↓

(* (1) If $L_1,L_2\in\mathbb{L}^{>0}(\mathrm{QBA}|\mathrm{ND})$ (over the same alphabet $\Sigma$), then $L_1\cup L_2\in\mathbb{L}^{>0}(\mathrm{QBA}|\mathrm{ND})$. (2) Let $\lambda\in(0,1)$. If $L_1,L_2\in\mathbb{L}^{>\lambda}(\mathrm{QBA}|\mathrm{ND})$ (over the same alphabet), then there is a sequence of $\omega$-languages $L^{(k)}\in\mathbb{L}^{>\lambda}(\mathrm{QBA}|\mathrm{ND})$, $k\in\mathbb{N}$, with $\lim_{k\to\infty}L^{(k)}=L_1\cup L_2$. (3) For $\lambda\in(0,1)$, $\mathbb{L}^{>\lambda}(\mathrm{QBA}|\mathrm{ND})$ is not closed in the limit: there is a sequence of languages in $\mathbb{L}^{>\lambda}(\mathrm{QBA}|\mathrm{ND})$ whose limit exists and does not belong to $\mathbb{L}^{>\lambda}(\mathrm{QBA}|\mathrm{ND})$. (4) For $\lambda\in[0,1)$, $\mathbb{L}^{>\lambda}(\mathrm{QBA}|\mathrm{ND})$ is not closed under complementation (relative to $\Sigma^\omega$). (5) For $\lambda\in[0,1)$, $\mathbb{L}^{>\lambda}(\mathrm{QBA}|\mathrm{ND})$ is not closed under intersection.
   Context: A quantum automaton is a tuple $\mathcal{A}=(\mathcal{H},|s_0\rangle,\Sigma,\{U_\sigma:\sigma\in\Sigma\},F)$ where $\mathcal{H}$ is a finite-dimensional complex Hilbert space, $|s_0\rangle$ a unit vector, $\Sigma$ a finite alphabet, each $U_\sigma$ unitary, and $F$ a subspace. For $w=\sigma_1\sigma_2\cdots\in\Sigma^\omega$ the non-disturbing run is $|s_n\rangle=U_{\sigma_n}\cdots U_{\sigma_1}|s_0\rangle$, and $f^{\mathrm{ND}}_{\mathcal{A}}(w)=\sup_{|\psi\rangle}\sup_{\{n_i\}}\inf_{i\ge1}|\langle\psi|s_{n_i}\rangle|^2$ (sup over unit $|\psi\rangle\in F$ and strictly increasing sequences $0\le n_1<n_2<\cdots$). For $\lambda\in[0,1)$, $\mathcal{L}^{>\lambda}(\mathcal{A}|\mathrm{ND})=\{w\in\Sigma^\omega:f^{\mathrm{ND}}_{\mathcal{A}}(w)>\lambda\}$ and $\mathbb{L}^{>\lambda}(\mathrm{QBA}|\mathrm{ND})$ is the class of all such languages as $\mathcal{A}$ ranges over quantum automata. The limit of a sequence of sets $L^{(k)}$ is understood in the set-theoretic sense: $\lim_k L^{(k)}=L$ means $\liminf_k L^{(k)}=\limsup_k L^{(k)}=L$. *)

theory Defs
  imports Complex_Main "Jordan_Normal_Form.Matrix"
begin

↑

Work required:
Everything from the line that contains "theory Defs" through the end of the records must be duplicated exactly, and nothing outside that range.

Response below:
theory Defs
  imports Complex_Main "Jordan_Normal_Form.Matrix"
begin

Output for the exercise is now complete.